Listed entries:

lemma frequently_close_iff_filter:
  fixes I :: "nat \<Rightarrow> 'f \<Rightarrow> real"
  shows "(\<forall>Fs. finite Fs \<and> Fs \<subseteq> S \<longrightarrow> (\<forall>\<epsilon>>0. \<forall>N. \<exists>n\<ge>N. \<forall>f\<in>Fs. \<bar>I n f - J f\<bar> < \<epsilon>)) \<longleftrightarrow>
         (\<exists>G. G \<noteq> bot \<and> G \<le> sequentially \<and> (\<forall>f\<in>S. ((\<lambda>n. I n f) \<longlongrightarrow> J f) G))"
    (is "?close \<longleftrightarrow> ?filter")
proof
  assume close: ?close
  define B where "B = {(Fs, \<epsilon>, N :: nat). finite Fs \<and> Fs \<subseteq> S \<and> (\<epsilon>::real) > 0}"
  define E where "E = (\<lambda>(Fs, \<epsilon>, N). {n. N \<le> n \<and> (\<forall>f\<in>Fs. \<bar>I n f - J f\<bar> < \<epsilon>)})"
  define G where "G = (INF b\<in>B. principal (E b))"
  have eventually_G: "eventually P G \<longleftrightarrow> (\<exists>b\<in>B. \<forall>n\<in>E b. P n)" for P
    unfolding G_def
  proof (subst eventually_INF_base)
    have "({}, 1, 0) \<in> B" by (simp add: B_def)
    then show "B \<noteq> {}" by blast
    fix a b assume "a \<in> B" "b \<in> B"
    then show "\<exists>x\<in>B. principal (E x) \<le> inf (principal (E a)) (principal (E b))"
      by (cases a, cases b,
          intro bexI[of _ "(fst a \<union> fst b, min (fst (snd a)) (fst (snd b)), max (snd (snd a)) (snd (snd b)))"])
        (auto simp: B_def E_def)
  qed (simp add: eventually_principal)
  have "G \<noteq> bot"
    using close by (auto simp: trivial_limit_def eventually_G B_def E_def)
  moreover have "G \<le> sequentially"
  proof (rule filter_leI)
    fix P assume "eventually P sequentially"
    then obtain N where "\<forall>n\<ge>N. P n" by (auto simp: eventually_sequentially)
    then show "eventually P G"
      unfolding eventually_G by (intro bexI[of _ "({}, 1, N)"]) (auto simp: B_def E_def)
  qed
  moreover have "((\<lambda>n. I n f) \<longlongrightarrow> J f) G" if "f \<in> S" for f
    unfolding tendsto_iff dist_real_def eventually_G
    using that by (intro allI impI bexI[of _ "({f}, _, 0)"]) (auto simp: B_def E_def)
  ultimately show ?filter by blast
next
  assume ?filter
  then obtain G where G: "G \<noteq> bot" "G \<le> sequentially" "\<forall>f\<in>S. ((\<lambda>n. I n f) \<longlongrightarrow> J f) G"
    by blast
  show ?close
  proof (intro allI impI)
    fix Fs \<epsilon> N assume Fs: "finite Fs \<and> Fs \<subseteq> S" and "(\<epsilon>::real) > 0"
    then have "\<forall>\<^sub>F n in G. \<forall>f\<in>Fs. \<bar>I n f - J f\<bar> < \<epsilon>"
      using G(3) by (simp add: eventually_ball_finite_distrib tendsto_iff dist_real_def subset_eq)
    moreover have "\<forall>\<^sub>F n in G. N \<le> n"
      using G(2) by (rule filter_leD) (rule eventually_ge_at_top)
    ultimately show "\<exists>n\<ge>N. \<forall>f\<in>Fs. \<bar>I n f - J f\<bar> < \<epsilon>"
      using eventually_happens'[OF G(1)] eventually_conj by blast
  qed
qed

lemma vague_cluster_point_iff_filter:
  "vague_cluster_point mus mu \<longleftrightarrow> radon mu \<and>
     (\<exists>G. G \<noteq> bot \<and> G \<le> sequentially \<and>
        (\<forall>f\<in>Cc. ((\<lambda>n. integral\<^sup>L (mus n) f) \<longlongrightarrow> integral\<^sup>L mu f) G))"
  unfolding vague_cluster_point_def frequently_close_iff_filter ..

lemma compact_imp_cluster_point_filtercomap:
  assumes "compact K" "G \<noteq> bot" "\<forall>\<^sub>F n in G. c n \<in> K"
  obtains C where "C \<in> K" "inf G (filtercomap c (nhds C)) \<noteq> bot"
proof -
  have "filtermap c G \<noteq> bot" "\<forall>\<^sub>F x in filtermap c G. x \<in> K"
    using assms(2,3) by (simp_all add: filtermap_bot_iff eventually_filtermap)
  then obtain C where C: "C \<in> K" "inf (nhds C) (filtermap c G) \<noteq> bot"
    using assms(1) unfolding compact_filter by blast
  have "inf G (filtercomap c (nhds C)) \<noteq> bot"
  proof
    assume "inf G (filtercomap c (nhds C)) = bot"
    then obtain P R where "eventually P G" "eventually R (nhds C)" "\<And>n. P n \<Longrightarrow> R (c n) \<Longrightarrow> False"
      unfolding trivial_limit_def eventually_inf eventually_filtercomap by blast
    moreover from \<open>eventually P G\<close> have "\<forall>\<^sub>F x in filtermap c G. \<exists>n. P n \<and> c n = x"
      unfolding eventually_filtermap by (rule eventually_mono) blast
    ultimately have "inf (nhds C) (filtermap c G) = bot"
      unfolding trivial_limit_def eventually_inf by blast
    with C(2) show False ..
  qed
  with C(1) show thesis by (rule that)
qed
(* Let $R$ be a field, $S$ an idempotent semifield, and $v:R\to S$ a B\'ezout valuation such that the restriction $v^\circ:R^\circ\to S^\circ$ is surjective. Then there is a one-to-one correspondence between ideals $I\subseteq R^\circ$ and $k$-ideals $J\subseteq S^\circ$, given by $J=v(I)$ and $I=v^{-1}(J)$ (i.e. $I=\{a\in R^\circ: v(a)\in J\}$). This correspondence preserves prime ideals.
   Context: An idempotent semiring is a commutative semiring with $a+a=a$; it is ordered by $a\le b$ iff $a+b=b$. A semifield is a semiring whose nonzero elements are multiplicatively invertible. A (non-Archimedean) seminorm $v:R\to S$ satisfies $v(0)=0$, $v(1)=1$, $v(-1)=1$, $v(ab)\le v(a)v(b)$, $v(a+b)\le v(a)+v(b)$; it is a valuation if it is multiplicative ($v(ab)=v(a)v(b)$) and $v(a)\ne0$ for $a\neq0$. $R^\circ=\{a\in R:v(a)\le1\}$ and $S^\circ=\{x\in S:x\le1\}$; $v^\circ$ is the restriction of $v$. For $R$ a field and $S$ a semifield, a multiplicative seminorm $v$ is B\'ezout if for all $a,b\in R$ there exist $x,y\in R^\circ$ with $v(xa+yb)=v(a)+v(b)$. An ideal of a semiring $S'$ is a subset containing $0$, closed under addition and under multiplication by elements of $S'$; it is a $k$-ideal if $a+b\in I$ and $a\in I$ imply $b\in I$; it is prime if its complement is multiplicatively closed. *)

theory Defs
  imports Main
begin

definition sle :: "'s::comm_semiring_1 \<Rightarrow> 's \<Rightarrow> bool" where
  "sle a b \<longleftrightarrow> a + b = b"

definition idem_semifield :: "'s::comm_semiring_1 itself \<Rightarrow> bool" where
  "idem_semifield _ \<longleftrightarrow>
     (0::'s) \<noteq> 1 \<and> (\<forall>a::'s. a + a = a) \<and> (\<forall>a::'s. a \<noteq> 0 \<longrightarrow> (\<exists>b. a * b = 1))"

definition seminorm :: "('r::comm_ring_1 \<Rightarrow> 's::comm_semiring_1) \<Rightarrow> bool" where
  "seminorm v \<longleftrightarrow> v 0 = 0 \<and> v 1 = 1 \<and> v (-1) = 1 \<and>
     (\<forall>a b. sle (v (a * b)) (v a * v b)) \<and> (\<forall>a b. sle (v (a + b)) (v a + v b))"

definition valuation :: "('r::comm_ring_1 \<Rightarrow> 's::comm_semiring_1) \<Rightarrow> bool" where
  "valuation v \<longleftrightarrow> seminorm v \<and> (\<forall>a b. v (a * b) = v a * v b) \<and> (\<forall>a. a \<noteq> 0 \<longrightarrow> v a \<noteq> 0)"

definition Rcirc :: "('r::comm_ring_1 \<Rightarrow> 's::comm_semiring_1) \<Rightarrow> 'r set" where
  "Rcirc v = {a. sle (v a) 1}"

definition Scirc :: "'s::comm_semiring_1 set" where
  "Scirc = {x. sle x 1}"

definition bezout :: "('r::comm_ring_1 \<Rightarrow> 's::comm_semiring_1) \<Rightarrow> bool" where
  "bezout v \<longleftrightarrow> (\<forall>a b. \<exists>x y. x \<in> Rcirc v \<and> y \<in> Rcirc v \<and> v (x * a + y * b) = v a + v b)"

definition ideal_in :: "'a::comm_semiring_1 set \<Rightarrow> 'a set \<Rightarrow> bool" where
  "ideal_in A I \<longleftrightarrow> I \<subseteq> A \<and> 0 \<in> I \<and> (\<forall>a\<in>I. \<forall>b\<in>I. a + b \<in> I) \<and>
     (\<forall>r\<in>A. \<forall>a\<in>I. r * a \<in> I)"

Task:
Could you please copy the lines above exactly, beginning at the first and ending at the line that contains "define G where"?

Solution to the problem:
lemma frequently_close_iff_filter:
  fixes I :: "nat \<Rightarrow> 'f \<Rightarrow> real"
  shows "(\<forall>Fs. finite Fs \<and> Fs \<subseteq> S \<longrightarrow> (\<forall>\<epsilon>>0. \<forall>N. \<exists>n\<ge>N. \<forall>f\<in>Fs. \<bar>I n f - J f\<bar> < \<epsilon>)) \<longleftrightarrow>
         (\<exists>G. G \<noteq> bot \<and> G \<le> sequentially \<and> (\<forall>f\<in>S. ((\<lambda>n. I n f) \<longlongrightarrow> J f) G))"
    (is "?close \<longleftrightarrow> ?filter")
proof
  assume close: ?close
  define B where "B = {(Fs, \<epsilon>, N :: nat). finite Fs \<and> Fs \<subseteq> S \<and> (\<epsilon>::real) > 0}"
  define E where "E = (\<lambda>(Fs, \<epsilon>, N). {n. N \<le> n \<and> (\<forall>f\<in>Fs. \<bar>I n f - J f\<bar> < \<epsilon>)})"
  define G where "G = (INF b\<in>B. principal (E b))"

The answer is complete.